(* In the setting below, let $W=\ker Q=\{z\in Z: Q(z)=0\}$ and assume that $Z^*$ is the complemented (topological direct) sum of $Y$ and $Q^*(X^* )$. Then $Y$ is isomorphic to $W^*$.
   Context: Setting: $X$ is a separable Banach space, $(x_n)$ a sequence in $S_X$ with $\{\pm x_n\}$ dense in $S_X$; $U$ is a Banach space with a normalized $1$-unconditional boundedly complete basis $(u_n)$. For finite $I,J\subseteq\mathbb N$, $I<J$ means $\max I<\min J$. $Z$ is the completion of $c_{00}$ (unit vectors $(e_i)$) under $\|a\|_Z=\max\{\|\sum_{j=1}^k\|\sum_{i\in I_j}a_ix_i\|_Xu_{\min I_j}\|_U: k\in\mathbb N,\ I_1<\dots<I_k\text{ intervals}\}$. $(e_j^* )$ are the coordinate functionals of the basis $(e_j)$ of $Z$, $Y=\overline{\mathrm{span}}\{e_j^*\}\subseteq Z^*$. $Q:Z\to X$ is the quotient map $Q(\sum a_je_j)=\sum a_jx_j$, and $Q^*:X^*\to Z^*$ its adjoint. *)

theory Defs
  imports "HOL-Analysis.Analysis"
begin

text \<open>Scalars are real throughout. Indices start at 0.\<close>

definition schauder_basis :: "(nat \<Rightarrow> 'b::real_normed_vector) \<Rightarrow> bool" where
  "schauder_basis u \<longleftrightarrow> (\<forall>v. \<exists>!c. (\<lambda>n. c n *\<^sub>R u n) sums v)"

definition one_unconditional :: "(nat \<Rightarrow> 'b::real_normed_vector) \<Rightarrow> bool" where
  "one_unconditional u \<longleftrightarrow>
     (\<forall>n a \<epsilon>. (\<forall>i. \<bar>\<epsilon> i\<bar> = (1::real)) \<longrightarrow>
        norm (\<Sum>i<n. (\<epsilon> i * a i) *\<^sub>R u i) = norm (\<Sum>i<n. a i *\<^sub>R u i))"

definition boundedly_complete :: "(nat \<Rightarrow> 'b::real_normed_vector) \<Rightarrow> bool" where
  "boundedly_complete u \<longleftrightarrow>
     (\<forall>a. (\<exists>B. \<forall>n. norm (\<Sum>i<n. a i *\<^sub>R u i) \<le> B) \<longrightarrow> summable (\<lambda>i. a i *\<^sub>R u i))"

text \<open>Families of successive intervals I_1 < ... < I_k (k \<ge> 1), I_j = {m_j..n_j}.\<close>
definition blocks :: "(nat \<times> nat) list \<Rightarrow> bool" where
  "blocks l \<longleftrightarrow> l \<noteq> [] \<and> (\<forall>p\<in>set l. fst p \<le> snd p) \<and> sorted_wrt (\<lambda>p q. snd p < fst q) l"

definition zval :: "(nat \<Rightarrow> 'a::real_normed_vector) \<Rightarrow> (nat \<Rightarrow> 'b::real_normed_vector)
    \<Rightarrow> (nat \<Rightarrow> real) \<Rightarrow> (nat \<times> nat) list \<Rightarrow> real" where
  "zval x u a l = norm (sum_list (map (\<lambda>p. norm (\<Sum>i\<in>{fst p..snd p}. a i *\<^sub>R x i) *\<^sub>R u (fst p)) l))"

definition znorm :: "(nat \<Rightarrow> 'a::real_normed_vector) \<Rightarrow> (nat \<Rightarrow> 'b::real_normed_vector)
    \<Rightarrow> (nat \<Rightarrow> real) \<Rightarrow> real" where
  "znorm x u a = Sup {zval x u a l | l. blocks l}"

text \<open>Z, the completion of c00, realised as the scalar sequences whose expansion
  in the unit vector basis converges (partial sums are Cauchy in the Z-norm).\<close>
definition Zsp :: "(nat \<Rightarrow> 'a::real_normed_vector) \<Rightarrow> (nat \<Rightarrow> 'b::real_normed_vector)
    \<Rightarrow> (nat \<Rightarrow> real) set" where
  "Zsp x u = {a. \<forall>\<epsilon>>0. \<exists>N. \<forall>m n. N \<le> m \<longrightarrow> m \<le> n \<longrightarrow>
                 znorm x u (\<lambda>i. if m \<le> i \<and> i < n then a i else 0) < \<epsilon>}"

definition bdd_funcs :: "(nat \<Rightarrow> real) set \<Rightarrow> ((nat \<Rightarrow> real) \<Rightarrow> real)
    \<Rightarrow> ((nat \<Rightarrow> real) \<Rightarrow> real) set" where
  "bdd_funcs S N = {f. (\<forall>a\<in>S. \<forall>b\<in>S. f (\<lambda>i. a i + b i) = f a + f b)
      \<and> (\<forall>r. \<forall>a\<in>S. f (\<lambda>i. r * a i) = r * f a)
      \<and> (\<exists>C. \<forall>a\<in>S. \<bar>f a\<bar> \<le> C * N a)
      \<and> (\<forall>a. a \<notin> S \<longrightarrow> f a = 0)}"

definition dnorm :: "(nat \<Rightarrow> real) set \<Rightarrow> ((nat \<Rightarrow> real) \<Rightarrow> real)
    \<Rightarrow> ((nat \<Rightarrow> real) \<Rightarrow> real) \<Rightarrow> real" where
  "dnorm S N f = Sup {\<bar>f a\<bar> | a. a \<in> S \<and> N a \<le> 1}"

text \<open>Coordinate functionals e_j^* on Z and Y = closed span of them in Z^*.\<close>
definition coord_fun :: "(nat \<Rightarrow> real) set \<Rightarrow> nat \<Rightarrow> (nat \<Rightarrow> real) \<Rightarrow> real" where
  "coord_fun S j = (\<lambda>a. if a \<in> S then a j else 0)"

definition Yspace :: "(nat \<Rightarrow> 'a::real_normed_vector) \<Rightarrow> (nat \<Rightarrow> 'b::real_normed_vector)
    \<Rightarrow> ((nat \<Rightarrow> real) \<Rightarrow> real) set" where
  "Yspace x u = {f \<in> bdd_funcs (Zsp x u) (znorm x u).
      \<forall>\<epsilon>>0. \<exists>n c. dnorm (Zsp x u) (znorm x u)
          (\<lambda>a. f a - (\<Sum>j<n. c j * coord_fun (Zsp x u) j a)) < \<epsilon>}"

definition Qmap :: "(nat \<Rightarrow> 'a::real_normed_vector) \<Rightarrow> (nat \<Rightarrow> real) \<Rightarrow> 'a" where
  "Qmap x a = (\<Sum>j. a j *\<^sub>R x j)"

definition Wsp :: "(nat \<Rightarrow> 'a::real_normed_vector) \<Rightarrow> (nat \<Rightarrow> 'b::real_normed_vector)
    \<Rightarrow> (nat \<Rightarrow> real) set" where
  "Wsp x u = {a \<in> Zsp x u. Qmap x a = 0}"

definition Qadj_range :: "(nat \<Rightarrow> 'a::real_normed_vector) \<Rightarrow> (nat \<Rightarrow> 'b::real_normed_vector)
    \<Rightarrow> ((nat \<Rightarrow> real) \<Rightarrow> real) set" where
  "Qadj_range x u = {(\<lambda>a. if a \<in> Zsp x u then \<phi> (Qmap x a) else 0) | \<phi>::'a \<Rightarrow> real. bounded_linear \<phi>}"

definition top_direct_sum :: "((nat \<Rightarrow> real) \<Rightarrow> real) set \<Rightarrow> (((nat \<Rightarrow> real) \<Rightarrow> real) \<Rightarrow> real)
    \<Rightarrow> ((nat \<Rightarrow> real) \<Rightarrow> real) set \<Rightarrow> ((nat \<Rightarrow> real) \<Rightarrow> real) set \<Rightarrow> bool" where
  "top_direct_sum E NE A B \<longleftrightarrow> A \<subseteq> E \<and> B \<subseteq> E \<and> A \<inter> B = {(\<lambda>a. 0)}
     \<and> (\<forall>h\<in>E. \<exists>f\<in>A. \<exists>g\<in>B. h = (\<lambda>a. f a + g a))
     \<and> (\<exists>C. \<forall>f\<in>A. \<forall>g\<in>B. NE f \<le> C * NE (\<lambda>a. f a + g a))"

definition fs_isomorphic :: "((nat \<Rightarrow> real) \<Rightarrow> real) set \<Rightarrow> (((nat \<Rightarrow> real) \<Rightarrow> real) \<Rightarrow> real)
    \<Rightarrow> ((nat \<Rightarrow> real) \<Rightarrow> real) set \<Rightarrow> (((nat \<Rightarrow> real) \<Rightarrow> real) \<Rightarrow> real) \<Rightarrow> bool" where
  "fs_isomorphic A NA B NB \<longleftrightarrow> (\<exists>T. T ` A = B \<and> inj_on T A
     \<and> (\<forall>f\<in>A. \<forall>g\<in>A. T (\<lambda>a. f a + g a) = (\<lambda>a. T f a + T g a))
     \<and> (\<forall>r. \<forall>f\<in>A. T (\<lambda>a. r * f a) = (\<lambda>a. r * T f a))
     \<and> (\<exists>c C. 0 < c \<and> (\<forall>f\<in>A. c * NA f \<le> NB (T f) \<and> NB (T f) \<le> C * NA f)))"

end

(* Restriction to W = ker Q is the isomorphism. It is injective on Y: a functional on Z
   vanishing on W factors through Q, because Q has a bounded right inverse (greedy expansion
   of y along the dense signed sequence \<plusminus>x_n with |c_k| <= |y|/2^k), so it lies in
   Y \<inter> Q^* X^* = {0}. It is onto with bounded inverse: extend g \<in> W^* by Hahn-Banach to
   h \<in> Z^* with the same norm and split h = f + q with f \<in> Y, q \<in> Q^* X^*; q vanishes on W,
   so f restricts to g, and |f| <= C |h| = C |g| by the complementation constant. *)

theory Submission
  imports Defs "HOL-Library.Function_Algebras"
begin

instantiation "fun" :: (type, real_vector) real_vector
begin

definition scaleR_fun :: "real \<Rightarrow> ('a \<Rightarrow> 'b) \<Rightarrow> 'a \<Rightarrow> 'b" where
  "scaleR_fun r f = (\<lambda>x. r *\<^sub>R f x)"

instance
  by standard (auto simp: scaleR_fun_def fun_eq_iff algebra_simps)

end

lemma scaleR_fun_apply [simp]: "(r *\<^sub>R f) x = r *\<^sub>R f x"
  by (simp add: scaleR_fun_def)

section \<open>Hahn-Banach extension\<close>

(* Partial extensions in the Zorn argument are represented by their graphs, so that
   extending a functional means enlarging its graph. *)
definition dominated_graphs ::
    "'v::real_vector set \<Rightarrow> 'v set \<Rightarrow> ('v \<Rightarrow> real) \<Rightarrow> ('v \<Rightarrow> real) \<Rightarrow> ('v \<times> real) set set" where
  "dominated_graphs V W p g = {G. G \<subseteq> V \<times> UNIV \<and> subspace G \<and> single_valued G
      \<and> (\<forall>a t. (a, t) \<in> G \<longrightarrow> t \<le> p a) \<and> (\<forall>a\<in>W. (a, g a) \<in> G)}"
__________
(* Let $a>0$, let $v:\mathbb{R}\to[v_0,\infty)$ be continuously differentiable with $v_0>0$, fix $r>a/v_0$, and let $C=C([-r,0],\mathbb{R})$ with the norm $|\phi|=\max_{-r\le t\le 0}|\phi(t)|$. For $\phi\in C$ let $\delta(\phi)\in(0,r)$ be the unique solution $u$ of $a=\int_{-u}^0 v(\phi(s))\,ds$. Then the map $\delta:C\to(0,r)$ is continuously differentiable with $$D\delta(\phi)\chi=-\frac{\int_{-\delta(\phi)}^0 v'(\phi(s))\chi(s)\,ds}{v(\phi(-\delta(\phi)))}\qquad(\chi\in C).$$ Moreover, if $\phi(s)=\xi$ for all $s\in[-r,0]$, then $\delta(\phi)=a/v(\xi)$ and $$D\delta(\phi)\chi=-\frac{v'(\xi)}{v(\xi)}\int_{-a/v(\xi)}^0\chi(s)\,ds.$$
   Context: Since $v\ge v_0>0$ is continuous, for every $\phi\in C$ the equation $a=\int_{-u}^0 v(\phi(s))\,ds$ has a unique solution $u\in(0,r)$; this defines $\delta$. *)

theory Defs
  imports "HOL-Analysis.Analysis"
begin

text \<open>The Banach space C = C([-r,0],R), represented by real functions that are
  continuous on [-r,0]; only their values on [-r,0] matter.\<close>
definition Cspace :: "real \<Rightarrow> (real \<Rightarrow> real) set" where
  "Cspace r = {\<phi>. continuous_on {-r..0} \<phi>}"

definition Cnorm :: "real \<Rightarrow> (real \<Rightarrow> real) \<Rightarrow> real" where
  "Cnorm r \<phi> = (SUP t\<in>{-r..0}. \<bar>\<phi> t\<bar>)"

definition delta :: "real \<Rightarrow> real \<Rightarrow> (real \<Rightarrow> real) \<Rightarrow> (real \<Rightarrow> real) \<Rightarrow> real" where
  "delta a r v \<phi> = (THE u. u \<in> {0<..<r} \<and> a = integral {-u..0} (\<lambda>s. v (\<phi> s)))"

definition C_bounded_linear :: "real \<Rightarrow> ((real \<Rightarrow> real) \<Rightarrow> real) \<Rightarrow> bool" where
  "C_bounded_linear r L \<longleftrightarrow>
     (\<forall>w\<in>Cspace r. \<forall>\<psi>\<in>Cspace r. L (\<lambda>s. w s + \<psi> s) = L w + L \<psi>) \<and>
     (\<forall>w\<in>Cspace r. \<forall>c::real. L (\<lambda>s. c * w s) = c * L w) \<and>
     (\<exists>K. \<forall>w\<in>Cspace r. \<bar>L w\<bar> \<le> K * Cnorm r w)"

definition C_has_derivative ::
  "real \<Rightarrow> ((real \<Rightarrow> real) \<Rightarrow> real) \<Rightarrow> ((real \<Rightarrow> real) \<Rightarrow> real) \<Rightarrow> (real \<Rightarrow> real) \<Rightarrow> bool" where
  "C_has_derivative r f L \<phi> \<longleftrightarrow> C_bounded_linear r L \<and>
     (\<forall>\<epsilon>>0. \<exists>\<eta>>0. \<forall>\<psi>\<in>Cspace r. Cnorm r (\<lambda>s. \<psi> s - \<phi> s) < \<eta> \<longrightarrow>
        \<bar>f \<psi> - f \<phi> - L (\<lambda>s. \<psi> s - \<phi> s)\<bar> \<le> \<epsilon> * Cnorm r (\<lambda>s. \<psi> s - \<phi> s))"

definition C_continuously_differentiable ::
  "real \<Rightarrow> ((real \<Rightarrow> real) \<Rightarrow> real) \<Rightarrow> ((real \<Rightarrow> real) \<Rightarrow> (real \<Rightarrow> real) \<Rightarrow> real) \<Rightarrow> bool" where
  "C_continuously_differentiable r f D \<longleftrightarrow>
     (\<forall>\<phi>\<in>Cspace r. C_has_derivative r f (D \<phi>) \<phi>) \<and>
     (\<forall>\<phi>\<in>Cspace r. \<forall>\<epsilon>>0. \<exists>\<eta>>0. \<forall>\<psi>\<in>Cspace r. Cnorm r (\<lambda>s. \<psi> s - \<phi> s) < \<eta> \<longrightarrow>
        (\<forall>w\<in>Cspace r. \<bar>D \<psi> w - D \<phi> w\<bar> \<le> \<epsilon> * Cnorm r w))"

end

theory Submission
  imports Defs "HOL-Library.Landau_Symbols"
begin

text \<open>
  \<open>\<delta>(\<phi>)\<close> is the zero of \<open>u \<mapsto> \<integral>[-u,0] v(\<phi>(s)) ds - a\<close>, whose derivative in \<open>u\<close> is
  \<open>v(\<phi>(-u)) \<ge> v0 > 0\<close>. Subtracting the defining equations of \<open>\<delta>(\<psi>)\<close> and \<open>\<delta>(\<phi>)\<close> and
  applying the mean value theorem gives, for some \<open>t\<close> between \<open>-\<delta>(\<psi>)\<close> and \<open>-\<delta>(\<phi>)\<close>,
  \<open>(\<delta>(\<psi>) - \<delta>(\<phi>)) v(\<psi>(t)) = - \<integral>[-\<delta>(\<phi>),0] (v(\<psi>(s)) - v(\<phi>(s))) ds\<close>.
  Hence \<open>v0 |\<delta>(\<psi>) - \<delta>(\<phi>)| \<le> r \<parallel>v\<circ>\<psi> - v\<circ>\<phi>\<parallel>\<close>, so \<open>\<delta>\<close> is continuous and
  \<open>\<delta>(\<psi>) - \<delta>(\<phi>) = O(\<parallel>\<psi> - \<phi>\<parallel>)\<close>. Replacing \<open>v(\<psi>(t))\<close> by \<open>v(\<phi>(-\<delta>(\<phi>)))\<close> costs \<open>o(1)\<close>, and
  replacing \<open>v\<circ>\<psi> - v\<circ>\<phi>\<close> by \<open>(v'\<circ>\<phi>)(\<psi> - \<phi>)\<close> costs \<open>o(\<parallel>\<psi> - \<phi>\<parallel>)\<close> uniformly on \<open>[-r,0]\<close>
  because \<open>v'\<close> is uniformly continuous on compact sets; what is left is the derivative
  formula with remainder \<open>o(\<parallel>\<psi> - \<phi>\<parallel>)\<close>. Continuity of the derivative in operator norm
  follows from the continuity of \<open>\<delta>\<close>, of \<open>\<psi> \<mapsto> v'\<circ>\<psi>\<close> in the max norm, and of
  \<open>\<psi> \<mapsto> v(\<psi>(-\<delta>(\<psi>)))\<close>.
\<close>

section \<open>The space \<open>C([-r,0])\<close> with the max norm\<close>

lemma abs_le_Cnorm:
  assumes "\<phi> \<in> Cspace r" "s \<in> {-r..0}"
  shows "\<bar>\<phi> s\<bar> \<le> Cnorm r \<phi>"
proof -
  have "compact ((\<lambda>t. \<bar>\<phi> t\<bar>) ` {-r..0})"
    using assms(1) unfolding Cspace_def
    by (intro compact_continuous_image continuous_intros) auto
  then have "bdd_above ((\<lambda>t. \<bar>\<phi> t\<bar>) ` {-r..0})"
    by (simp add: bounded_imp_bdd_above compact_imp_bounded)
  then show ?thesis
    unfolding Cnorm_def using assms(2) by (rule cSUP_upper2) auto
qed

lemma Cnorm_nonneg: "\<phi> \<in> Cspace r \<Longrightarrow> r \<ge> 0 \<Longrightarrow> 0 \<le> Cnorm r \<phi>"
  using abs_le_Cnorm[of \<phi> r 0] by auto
__________
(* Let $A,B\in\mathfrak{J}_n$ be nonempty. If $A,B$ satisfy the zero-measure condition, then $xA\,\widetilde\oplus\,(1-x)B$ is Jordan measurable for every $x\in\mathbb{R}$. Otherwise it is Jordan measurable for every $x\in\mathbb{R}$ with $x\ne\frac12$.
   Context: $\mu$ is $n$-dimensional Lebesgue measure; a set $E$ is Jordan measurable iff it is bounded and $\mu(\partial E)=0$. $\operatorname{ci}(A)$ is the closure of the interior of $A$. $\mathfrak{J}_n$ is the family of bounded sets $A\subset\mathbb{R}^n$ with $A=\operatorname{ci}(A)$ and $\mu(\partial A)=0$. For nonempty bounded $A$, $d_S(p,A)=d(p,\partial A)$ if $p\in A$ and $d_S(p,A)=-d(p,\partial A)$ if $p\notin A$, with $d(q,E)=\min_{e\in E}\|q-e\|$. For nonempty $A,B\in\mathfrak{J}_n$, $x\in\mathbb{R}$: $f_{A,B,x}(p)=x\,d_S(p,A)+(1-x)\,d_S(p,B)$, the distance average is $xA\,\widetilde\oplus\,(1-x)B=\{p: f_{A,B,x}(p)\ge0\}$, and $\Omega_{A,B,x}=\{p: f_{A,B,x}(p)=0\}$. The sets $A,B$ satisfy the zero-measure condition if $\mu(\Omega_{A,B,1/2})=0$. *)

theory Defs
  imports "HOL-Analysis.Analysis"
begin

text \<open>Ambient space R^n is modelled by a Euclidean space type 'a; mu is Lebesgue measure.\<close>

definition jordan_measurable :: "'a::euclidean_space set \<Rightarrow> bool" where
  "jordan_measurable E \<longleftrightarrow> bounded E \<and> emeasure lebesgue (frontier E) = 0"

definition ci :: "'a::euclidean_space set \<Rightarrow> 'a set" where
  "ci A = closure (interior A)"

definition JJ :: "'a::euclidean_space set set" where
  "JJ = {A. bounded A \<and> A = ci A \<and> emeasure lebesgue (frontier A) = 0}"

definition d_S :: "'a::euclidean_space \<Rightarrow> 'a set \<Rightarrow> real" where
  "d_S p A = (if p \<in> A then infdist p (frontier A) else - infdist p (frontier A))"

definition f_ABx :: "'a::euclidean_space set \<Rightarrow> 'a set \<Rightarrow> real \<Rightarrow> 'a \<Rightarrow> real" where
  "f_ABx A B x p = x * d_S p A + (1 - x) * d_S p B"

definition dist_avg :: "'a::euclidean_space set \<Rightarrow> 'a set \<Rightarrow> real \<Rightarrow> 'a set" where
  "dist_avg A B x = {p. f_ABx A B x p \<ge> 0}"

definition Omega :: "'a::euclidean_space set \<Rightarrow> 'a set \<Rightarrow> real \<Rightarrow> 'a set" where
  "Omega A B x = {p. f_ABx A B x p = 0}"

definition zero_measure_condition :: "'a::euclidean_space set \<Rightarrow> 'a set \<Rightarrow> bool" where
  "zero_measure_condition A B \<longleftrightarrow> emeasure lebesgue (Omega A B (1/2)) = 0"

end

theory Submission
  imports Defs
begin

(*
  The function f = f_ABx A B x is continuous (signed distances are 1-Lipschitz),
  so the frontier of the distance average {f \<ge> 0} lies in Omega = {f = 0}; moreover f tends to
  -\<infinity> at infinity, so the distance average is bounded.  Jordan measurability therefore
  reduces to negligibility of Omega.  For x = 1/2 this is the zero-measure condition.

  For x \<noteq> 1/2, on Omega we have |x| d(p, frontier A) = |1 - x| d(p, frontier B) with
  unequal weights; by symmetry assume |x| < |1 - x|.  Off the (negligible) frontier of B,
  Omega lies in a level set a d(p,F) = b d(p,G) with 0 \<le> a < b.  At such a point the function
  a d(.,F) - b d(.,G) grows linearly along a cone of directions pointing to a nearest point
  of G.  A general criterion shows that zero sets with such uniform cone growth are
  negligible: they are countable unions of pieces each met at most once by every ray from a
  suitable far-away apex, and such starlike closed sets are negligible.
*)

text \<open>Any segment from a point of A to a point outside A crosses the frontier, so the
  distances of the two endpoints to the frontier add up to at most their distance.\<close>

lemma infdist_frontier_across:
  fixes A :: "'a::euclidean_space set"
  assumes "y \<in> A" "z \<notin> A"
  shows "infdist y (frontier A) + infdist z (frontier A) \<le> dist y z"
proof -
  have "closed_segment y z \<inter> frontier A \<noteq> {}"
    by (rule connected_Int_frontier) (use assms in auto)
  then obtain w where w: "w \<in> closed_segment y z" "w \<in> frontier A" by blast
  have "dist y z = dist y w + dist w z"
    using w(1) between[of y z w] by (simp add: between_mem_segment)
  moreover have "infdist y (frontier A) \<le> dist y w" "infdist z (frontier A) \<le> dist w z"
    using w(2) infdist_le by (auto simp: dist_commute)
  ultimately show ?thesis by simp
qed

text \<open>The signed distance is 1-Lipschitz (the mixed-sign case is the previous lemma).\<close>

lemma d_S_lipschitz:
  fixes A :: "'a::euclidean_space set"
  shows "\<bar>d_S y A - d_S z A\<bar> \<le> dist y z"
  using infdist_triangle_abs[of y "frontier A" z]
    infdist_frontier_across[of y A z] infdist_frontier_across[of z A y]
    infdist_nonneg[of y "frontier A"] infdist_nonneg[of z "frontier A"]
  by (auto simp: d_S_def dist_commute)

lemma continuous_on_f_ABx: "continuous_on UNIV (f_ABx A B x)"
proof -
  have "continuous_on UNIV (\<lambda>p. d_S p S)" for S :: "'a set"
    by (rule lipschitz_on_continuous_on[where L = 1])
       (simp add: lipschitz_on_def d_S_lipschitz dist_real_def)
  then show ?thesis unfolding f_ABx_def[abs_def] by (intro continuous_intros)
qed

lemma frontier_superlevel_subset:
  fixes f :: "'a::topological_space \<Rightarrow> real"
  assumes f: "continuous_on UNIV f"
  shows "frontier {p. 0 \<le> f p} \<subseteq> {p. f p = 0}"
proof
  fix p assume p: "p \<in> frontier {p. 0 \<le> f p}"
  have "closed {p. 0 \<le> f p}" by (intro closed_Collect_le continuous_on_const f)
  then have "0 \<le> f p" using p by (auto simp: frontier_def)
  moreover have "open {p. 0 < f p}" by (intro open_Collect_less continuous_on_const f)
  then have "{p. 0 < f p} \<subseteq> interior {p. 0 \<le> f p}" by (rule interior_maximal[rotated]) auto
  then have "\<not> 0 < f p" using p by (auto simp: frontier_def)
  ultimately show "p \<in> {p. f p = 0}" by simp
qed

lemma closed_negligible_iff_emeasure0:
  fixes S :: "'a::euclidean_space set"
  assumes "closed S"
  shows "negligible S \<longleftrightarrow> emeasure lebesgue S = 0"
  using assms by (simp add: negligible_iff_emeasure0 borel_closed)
__________
PROBLEM TO SOLVE: The response must contain each line above that holds the string "sums".

TASK RESULT:
  "schauder_basis u \<longleftrightarrow> (\<forall>v. \<exists>!c. (\<lambda>n. c n *\<^sub>R u n) sums v)"
  in the unit vector basis converges (partial sums are Cauchy in the Z-norm).\<close>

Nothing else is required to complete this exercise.